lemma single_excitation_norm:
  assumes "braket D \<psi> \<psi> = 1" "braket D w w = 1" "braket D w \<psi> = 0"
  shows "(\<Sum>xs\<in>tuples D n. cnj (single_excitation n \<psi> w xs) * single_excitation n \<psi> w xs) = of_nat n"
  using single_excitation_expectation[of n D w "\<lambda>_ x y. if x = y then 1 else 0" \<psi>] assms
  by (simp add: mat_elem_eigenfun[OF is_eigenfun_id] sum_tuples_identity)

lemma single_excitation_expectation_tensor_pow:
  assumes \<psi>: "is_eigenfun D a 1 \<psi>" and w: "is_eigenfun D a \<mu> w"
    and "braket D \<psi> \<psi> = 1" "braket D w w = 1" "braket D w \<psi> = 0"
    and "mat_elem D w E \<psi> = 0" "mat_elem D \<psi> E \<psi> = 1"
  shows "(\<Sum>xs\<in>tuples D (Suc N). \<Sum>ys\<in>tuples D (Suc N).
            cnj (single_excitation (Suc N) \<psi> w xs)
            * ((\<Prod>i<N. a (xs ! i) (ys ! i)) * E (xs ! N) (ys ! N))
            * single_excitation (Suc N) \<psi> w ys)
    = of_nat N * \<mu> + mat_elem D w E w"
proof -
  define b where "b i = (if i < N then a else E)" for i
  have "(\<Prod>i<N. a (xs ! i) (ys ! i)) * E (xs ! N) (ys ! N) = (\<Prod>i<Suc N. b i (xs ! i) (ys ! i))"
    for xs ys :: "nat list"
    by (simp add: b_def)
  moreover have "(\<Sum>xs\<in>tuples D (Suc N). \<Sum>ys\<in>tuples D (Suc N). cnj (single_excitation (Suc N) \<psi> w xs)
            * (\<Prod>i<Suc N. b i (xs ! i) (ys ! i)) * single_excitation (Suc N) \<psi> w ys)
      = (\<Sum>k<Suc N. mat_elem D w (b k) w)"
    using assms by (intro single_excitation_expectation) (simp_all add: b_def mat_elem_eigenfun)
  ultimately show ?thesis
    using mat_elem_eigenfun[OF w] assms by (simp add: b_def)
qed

* * * *

Scan the listing above for the word "Prod" and show each line where it is found.

**COMPLETED EXERCISE**
            * ((\<Prod>i<N. a (xs ! i) (ys ! i)) * E (xs ! N) (ys ! N))
  have "(\<Prod>i<N. a (xs ! i) (ys ! i)) * E (xs ! N) (ys ! N) = (\<Prod>i<Suc N. b i (xs ! i) (ys ! i))"
            * (\<Prod>i<Suc N. b i (xs ! i) (ys ! i)) * single_excitation (Suc N) \<psi> w ys)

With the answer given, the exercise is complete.